Há um grande perigo em entrevistas como esta, nas quais um
assunto tão entranhado em intenções humanas, como o fluxo de dinheiro, é abordado
em relação à segurança. Ele surge e se mantém na retroalimentação e
amplificação de várias formas de falácias, como as que simplificam ou ignoram a
independência entre seus aspectos safety (falhas não intencionais) e security
(falhas intencionais). Dessas, a mais frequente supõe ser "security"

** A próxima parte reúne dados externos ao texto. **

definition is_metric_on :: "nat set \<Rightarrow> (nat \<Rightarrow> nat \<Rightarrow> real) \<Rightarrow> bool" where
  "is_metric_on V d \<longleftrightarrow>
     (\<forall>x\<in>V. \<forall>y\<in>V. d x y = d y x \<and> (d x y = 0 \<longleftrightarrow> x = y) \<and> d x y \<ge> 0) \<and>
     (\<forall>x\<in>V. \<forall>y\<in>V. \<forall>z\<in>V. d x z \<le> d x y + d y z)"

text \<open>An adaptive computation with distance-oracle queries: either return a value, or
  query the distance between two IDs and continue depending on the answer.\<close>
datatype 'r qtree = Ret 'r | Query nat nat "real \<Rightarrow> 'r qtree"

primrec run_q :: "(nat \<Rightarrow> nat \<Rightarrow> real) \<Rightarrow> nat set \<Rightarrow> 'r qtree \<Rightarrow> 'r option" where
  "run_q d V (Ret r) = Some r"
| "run_q d V (Query i j k) =
     (if i \<in> V \<and> j \<in> V then run_q d V (k (d i j)) else None)"

text \<open>A deterministic streaming algorithm: its memory between updates is a bit string.\<close>
record alg =
  a_init :: "bool list"
  a_step :: "bool list \<Rightarrow> op \<Rightarrow> bool list qtree"
  a_out  :: "bool list \<Rightarrow> real qtree"

text \<open>V is the set of IDs
  seen so far; the current element's ID is valid when processing it.\<close>
fun trace :: "(nat \<Rightarrow> nat \<Rightarrow> real) \<Rightarrow> alg \<Rightarrow> nat set \<Rightarrow> bool list \<Rightarrow> op list
                \<Rightarrow> bool list list \<times> bool list option" where
  "trace d A V \<sigma> [] = ([\<sigma>], Some \<sigma>)"
| "trace d A V \<sigma> (x # xs) =
     (case run_q d (insert (op_id x) V) (a_step A \<sigma> x) of
        None \<Rightarrow> ([\<sigma>], None)
      | Some \<sigma>' \<Rightarrow> (let (tr, r) = trace d A (insert (op_id x) V) \<sigma>' xs in (\<sigma> # tr, r)))"

type_synonym stream_instance = "(nat \<Rightarrow> nat \<Rightarrow> real) \<times> op list"

definition space_used :: "alg \<Rightarrow> stream_instance \<Rightarrow> nat" where
  "space_used A I = Max (length ` set (fst (trace (fst I) A {} (a_init A) (snd I))))"

definition alg_output :: "alg \<Rightarrow> stream_instance \<Rightarrow> real option" where
  "alg_output A I = (case snd (trace (fst I) A {} (a_init A) (snd I)) of
                   None \<Rightarrow> None
                 | Some \<sigma> \<Rightarrow> run_q (fst I) (stream_ids (snd I)) (a_out A \<sigma>))"

definition approx_success :: "real \<Rightarrow> alg \<Rightarrow> stream_instance \<Rightarrow> bool" where
  "approx_success \<alpha> A I \<longleftrightarrow>
     (\<exists>E. alg_output A I = Some E \<and>
          MaxCut (fst I) (final_set {} (snd I)) / \<alpha> \<le> E \<and>
          E \<le> MaxCut (fst I) (final_set {} (snd I)))"

definition valid_instance :: "nat \<Rightarrow> stream_instance \<Rightarrow> bool" where
  "valid_instance n I \<longleftrightarrow> is_metric_on {0..<n} (fst I) \<and> wf_stream {} (snd I) \<and>
                          stream_ids (snd I) \<subseteq> {0..<n}"

end

(* Alice's part of the stream inserts the point 0 and, for a random word x in {0..15}^m, one
   point per coordinate j whose ID increases with j and encodes x j; Bob's part deletes the points
   of all coordinates after a random i.  Under d(a, b) = B^max(a, b) with B > n^(k+2), MaxCut of
   the remaining points is within a factor n^2 of B^p, p being the point of coordinate i, so an
   n^k-approximation reveals x i.  Bob's deletions depend only on the coordinates after i, so the
   memory after Alice's part together with those coordinates determines x i whenever the
   algorithm succeeds: a one-way protocol for augmented indexing.  A word is determined by the
   message, the set of coordinates where this decoding fails and the values there, so at most
   2^(s+1) 2^m 16^r words have at most r failures.  With r = m/2, success probability 0.55
   then forces s >= m - 5, and m is about n/32: the bound is in fact linear in n. *)
theory Submission
  imports Defs
begin

lemma run_q_mono:
  assumes "run_q d V t = Some r" and "V \<subseteq> W"
  shows "run_q d W t = Some r"
  using assms by (induction t) (auto split: if_splits)

lemma start_in_trace: "\<sigma> \<in> set (fst (trace d A V \<sigma> xs))"
  by (cases xs) (auto split: option.splits prod.splits)

lemma trace_result_mono:
  assumes "snd (trace d A V \<sigma> xs) = Some \<sigma>'" and "V \<subseteq> W"
  shows "snd (trace d A W \<sigma> xs) = Some \<sigma>'"
  using assms
proof (induction xs arbitrary: V W \<sigma>)
  case (Cons x xs)
  from Cons.prems obtain \<sigma>1 where step: "run_q d (insert (op_id x) V) (a_step A \<sigma> x) = Some \<sigma>1"
    and rest: "snd (trace d A (insert (op_id x) V) \<sigma>1 xs) = Some \<sigma>'"
    by (auto split: option.splits prod.splits)
  have "run_q d (insert (op_id x) W) (a_step A \<sigma> x) = Some \<sigma>1"
    using run_q_mono[OF step] Cons.prems(2) by blast
  moreover have "snd (trace d A (insert (op_id x) W) \<sigma>1 xs) = Some \<sigma>'"
    using Cons.IH[OF rest] Cons.prems(2) by blast
  ultimately show ?case by (auto split: prod.splits)
qed simp

lemma trace_append_SomeD:
  assumes "snd (trace d A V \<sigma> (xs @ ys)) = Some \<sigma>'"
  obtains \<tau> where "snd (trace d A V \<sigma> xs) = Some \<tau>"
    and "\<tau> \<in> set (fst (trace d A V \<sigma> (xs @ ys)))"
    and "snd (trace d A (V \<union> op_id ` set xs) \<tau> ys) = Some \<sigma>'"
  using assms
proof (induction xs arbitrary: V \<sigma>)
  case Nil
  then show ?case using start_in_trace by auto
next
  case (Cons x xs)
  from Cons.prems(2) obtain \<sigma>1 where step: "run_q d (insert (op_id x) V) (a_step A \<sigma> x) = Some \<sigma>1"
    and rest: "snd (trace d A (insert (op_id x) V) \<sigma>1 (xs @ ys)) = Some \<sigma>'"
    by (auto split: option.splits prod.splits)
  show ?case
  proof (rule Cons.IH[OF _ rest])
    fix \<tau>
    assume "snd (trace d A (insert (op_id x) V) \<sigma>1 xs) = Some \<tau>"
      and "\<tau> \<in> set (fst (trace d A (insert (op_id x) V) \<sigma>1 (xs @ ys)))"
      and "snd (trace d A (insert (op_id x) V \<union> op_id ` set xs) \<tau> ys) = Some \<sigma>'"
    with step show thesis
      by (intro Cons.prems(1)[of \<tau>]) (auto split: prod.splits simp: insert_commute)
  qed
qed

lemma length_le_space_used:
  assumes "\<sigma> \<in> set (fst (trace (fst I) A {} (a_init A) (snd I)))"
  shows "length \<sigma> \<le> space_used A I"
  unfolding space_used_def using assms by (simp add: Max_ge)

lemma wf_stream_append:
  "wf_stream P (xs @ ys) \<longleftrightarrow> wf_stream P xs \<and> wf_stream (final_set P xs) ys"
  by (induction P xs rule: wf_stream.induct) auto

lemma final_set_append: "final_set P (xs @ ys) = final_set (final_set P xs) ys"
  by (induction P xs rule: final_set.induct) auto

lemma wf_stream_map_Ins: "wf_stream P (map Ins l) \<longleftrightarrow> distinct l \<and> set l \<inter> P = {}"
  by (induction l arbitrary: P) auto

lemma final_set_map_Ins: "final_set P (map Ins l) = P \<union> set l"
  by (induction l arbitrary: P) auto

lemma wf_stream_map_Del: "wf_stream P (map Del l) \<longleftrightarrow> distinct l \<and> set l \<subseteq> P"
  by (induction l arbitrary: P) auto

lemma final_set_map_Del: "final_set P (map Del l) = P - set l"
  by (induction l arbitrary: P) auto

section \<open>MaxCut under the distance B^max(a, b)\<close>

lemma finite_cuts: "finite P \<Longrightarrow> finite {cut d S (P - S) | S. S \<subseteq> P}"
  by (simp add: setcompr_eq_image)

lemma cut_le_MaxCut:
  assumes "finite P" and "S \<subseteq> P"
  shows "cut d S (P - S) \<le> MaxCut d P"
  unfolding MaxCut_def using assms by (intro Max_ge finite_cuts) auto

lemma MaxCut_le:
  assumes P: "finite P" and "b \<ge> 0" and bound: "\<And>x y. x \<in> P \<Longrightarrow> y \<in> P \<Longrightarrow> d x y \<le> b"
  shows "MaxCut d P \<le> real (card P) ^ 2 * b"
proof -
  have "cut d S (P - S) \<le> real (card P) ^ 2 * b" if S: "S \<subseteq> P" for S
  proof -
    have "cut d S (P - S) \<le> (\<Sum>x\<in>S. \<Sum>y\<in>P - S. b)"
      unfolding cut_def using S bound by (intro sum_mono) auto
    also have "\<dots> = real (card S) * real (card (P - S)) * b" by simp
    also have "\<dots> \<le> real (card P) * real (card P) * b"
      using assms(1,2) S by (intro mult_right_mono mult_mono) (auto intro: card_mono)
    finally show ?thesis by (simp add: power2_eq_square)
  qed
  then show ?thesis
    unfolding MaxCut_def using finite_cuts[OF P] by (subst Max_le_iff) auto
qed

definition max_power_dist :: "real \<Rightarrow> nat \<Rightarrow> nat \<Rightarrow> real" where
  "max_power_dist B a b = (if a = b then 0 else B ^ max a b)"

lemma is_metric_on_max_power_dist:
  assumes B: "B \<ge> 1"
  shows "is_metric_on V (max_power_dist B)"
proof -
  have "max_power_dist B x z \<le> max_power_dist B x y + max_power_dist B y z" for x y z
  proof -
    have "B ^ max x z \<le> B ^ max x y \<or> B ^ max x z \<le> B ^ max y z"
      using B by (cases "x \<le> z") (auto intro: power_increasing)
    moreover have "0 < B ^ max x y" "0 < B ^ max y z" using B by simp_all
    ultimately show ?thesis
      unfolding max_power_dist_def
      by (cases "x = y"; cases "y = z"; cases "x = z") (auto simp: max.commute)
  qed
  then show ?thesis
    using B unfolding is_metric_on_def max_power_dist_def by (auto simp: max.commute)
qed

lemma MaxCut_max_power_dist_bounds:
  assumes B: "B \<ge> 1" and P: "finite P" and top: "\<mu> \<in> P" "\<forall>y\<in>P. y \<le> \<mu>"
    and other: "\<nu> \<in> P" "\<nu> \<noteq> \<mu>"
  shows "B ^ \<mu> \<le> MaxCut (max_power_dist B) P"
    and "MaxCut (max_power_dist B) P \<le> real (card P) ^ 2 * B ^ \<mu>"
proof -
  let ?d = "max_power_dist B"
  have nonneg: "?d x y \<ge> 0" for x y
    using B unfolding max_power_dist_def by simp
  have "B ^ \<mu> = ?d \<mu> \<nu>"
    using top other unfolding max_power_dist_def by (simp add: max_absorb1)
  also have "\<dots> \<le> (\<Sum>y\<in>P - {\<mu>}. ?d \<mu> y)"
    using P other nonneg by (intro member_le_sum) auto
  also have "\<dots> = cut ?d {\<mu>} (P - {\<mu>})" unfolding cut_def by simp
  also have "\<dots> \<le> MaxCut ?d P" using P top by (intro cut_le_MaxCut) auto
  finally show "B ^ \<mu> \<le> MaxCut ?d P" .
  have "?d x y \<le> B ^ \<mu>" if "x \<in> P" "y \<in> P" for x y
    using B top that unfolding max_power_dist_def by (auto intro: power_increasing)
  then show "MaxCut ?d P \<le> real (card P) ^ 2 * B ^ \<mu>"
    using B P by (intro MaxCut_le) auto
qed

lemma power_level_unique:
  fixes B \<alpha> c E :: real
  assumes B: "B \<ge> 1" "c * \<alpha> < B" and \<alpha>: "\<alpha> > 0"
    and e: "B ^ e / \<alpha> \<le> E" "E \<le> c * B ^ e"
    and e': "B ^ e' / \<alpha> \<le> E" "E \<le> c * B ^ e'"
  shows "e = e'"
proof -
  have False if lt: "u < v" and lo: "B ^ v / \<alpha> \<le> E" and hi: "E \<le> c * B ^ u" for u v
  proof -
    have "B * B ^ u \<le> B ^ v" using B lt by (metis power_Suc Suc_leI power_increasing)
    also have "\<dots> \<le> \<alpha> * E" using lo \<alpha> by (simp add: field_simps)
    also have "\<dots> \<le> (c * \<alpha>) * B ^ u" using hi \<alpha> by (simp add: algebra_simps)
    also have "\<dots> < B * B ^ u" using B by (intro mult_strict_right_mono) auto
    finally show False by simp
  qed
  then show ?thesis using e e' by (metis linorder_neqE_nat)
qed

section \<open>Augmented indexing\<close>

abbreviation words :: "nat \<Rightarrow> nat \<Rightarrow> (nat \<Rightarrow> nat) set" where
  "words q m \<equiv> Pi\<^sub>E {..<m} (\<lambda>_. {..<q})"

definition tail_after :: "nat \<Rightarrow> (nat \<Rightarrow> nat) \<Rightarrow> nat \<Rightarrow> nat" where
  "tail_after i x = (\<lambda>j. if i < j then x j else 0)"

definition guess_errors ::
    "nat \<Rightarrow> ((nat \<Rightarrow> nat) \<Rightarrow> 'm) \<Rightarrow> ('m \<Rightarrow> nat \<Rightarrow> (nat \<Rightarrow> nat) \<Rightarrow> nat) \<Rightarrow>
     (nat \<Rightarrow> nat) \<Rightarrow> nat set" where
  "guess_errors m msg guess x = {i. i < m \<and> guess (msg x) i (tail_after i x) \<noteq> x i}"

um problema externo a demandar solução interna, como se poderia supor do "safety",
desprezando a proporção de quatro para um entre as origens interna e externa
dos incidentes intencionais de segurança na informática que chegam às
estatísticas. Quando na verdade "security" é um problema de
equilíbrio dinâmico entre perspectivas de risco contrárias, demandando a
correta arquitetura de salvaguardas e contrapesos normativos. O perigo surge ao
se embaralhar aspectos e perspectivas, entre perguntas e respostas, e se mantém
no "jogo conhecido" para esse baralho.
Uma jogada desse jogo aqui se destaca, com peculiaridades
que merecem nossa atenção. Por que os holofotes sobre os hackers ofuscam
questões tão urgentes sobre os possíveis efeitos deste Sistema de Pagamento na
segurança jurídica dos agentes envolvidos, entre bancos, correntistas, o
cidadão contribuinte e o próprio Estado? A resposta pode estar no hermético
simplismo da norma que respalda juridicamente a iniciativa de implantação deste
sistema, a Medida Provisória 2200 e atos normativos derivados. Da perspectiva
de um leitor externo, informado e atento, seu hermetismo parece equidistante da
inépcia, da imprudência e do maquiavelismo. No restante deste artigo buscaremos,
enquanto explanamos esta opinião, lançar alguma luz sobre tais efeitos.
2- Objeto e alcance da MP2200
A Medida Provisória 2200 institui a Infra Estrutura de
Chaves Públicas Brasileira, ou ICP-B. Esta, grosso modo, credencia e fiscaliza
entidades prestadoras de serviço denominadas autoridades certificadoras, ou
ACs. Tais serviços são os de assinar certificados de chave pública de
terceiros, bem como o de registrar o histórico da validade e titulação destas
chaves. O registro de uma certificadora na ICP-B se destina, na prática, a
diferenciar o serviço prestado, no sentido que lhe dá seu parágrafo único do
artigo 10, que diz:
"As
declarações constantes dos documentos em forma eletrônica produzidos com a
utilização de processo de certificação disponibilizado pela ICP-Brasil
presumem-se verdadeiros em relação aos signatários, na forma do art. 131 da Lei
no 3.071, de 1o de janeiro de 1916 - Código Civil."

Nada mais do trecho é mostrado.